The Museum has recently been kindly donated, what can be described as a time capsule; in this case a blue wallet with the RAC crest containing receipts, tickets, a café napkin, a dashboard sticker showing international road signs and a whole heap of other ephemera relating to a trip taken by the Murdoch family of Yeovil to France and Belgium in June, 1960.

Here is an unused GB plate and a pair of transparent yellow discs – remember when French cars had yellow headlights – and a bill from the nouvel-hotel in Soissons for F78.75 – about £15.75t – which paid for two rooms, breakfast and a three course meal.

Fascinating though this is, the real poignancy of these items is why Mr Murdoch, Managing Director of a Yeovil garage, loaded his family into his Vauxhall Victor and made the journey from Yeovil to Soissons and Tournai. This story begins twenty years earlier when the 19 year old William Murdoch was a Wop/AG – a wireless operator/air gunner in a Bristol Blenheim IV light bomber of the RAF’s 59 Squadron, part of the Advanced Air Striking Force and based at Poix in northern France.

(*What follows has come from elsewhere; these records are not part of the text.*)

lemma midpoint_gain_right_of_q:
  fixes q :: real
  assumes "0 < q" "2 powr (q - 1) < q * ln 2 + 1"
  shows "\<exists>d>0. \<forall>p. q < p \<and> p < q + d \<longrightarrow> 2 * V_pot p q (1/2) < V_pot p q 1"
proof -
  define g where "g p = (1 - 2 * (1/2) powr p) / p" for p :: real
  have gain: "V_pot p q 1 - 2 * V_pot p q (1/2) = g p - g q" for p
    by (simp add: g_def V_pot_def diff_divide_distrib)
  have "(g has_real_derivative (2 * (1/2) powr q * (q * ln 2 + 1) - 1) / q\<^sup>2) (at q)"
  proof -
    have "(g has_real_derivative (- 2 * ((1/2) powr q * ln (1/2)) * q - (1 - 2 * (1/2) powr q)) / q\<^sup>2) (at q)"
      unfolding g_def using assms(1)
      by (auto intro!: derivative_eq_intros simp: power2_eq_square)
    then show ?thesis
      by (simp add: ln_div algebra_simps)
  qed
  moreover have "1 < 2 * (1/2) powr q * (q * ln 2 + 1)"
  proof -
    have "2 * (1/2 :: real) powr q = 1 / 2 powr (q - 1)"
      by (simp add: powr_divide powr_diff)
    then show ?thesis
      using assms(2) by simp
  qed
  ultimately obtain d where "0 < d" and inc: "\<And>h. 0 < h \<Longrightarrow> h < d \<Longrightarrow> g q < g (q + h)"
    using DERIV_pos_inc_right[of g _ q] assms(1) by (metis diff_gt_0_iff_gt divide_pos_pos zero_less_power)
  show ?thesis
  proof (intro exI[of _ d] conjI allI impI)
    fix p
    assume "q < p \<and> p < q + d"
    then have "g q < g p"
      using inc[of "p - q"] by simp
    then show "2 * V_pot p q (1/2) < V_pot p q 1"
      using gain[of p] by simp
  qed (rule \<open>0 < d\<close>)
qed
(* Let $k\ge 2$ and $n\ge 2k$ be integers. The Kneser graph $\mathrm{KG}(n,k)$ satisfies $\alpha_{\mathrm{od}}(\mathrm{KG}(n,k))=\alpha(\mathrm{KG}(n,k))$ if and only if $\binom{n-k-1}{k-1}$ is odd. Equivalently, $\alpha_{\mathrm{od}}(\mathrm{KG}(n,k))=\alpha(\mathrm{KG}(n,k))$ if and only if $\binom{n-1}{k-1}\not\equiv \sum_{t=1}^{k}\binom{k}{t}\binom{n-k-1}{k-1-t} \pmod 2$.
   Context: The Kneser graph $\mathrm{KG}(n,k)$ has as vertices the $k$-element subsets of an $n$-element set, two being adjacent iff they are disjoint. An odd independent set in a graph $G=(V,E)$ is an independent set $S$ such that every $v\in V\setminus S$ has either no neighbor or an odd number of neighbors in $S$. $\alpha_{\mathrm{od}}(G)$ is the maximum size of an odd independent set; $\alpha(G)$ is the independence number. *)

theory Defs
  imports Main
begin

definition indep_set :: "'a set \<Rightarrow> ('a \<Rightarrow> 'a \<Rightarrow> bool) \<Rightarrow> 'a set \<Rightarrow> bool" where
  "indep_set V E S \<longleftrightarrow> S \<subseteq> V \<and> (\<forall>x\<in>S. \<forall>y\<in>S. \<not> E x y)"

definition odd_indep_set :: "'a set \<Rightarrow> ('a \<Rightarrow> 'a \<Rightarrow> bool) \<Rightarrow> 'a set \<Rightarrow> bool" where
  "odd_indep_set V E S \<longleftrightarrow> indep_set V E S \<and>
     (\<forall>v\<in>V - S. card {u\<in>S. E v u} = 0 \<or> odd (card {u\<in>S. E v u}))"

definition alpha :: "'a set \<Rightarrow> ('a \<Rightarrow> 'a \<Rightarrow> bool) \<Rightarrow> nat" where
  "alpha V E = Max (card ` {S. indep_set V E S})"

definition alpha_od :: "'a set \<Rightarrow> ('a \<Rightarrow> 'a \<Rightarrow> bool) \<Rightarrow> nat" where
  "alpha_od V E = Max (card ` {S. odd_indep_set V E S})"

On May 18th, 1940, Mr Murdoch and his crew were on a reconnaissance flight to investigate enemy armour breaking through in the area of Gembloux in southern Belgium when they were hit by ground fire and forced to crash land. The pilot, Pilot Officer Durie and the observer, Sergeant Burns, were both killed, but Mr Murdoch managed to extricate himself from the wreckage and, after a series of adventures, was evacuated from Dunkirk before France fell.

Twenty years after the event, Mr Murdoch felt the need to revisit the crash site and the graves of his comrades. This proved a little more difficult than expected as the landscape had changed – a windmill and a convent had both disappeared – but with the aid of a local farmer, the crash site was identified and visited, along with the graves of the other crew in Tournai cemetery.

Thus concluded a trip rather different from the usual continental holiday, but which is still fondly remembered by Andrew Murdoch, son of William, who has donated these items to the Museum's archive.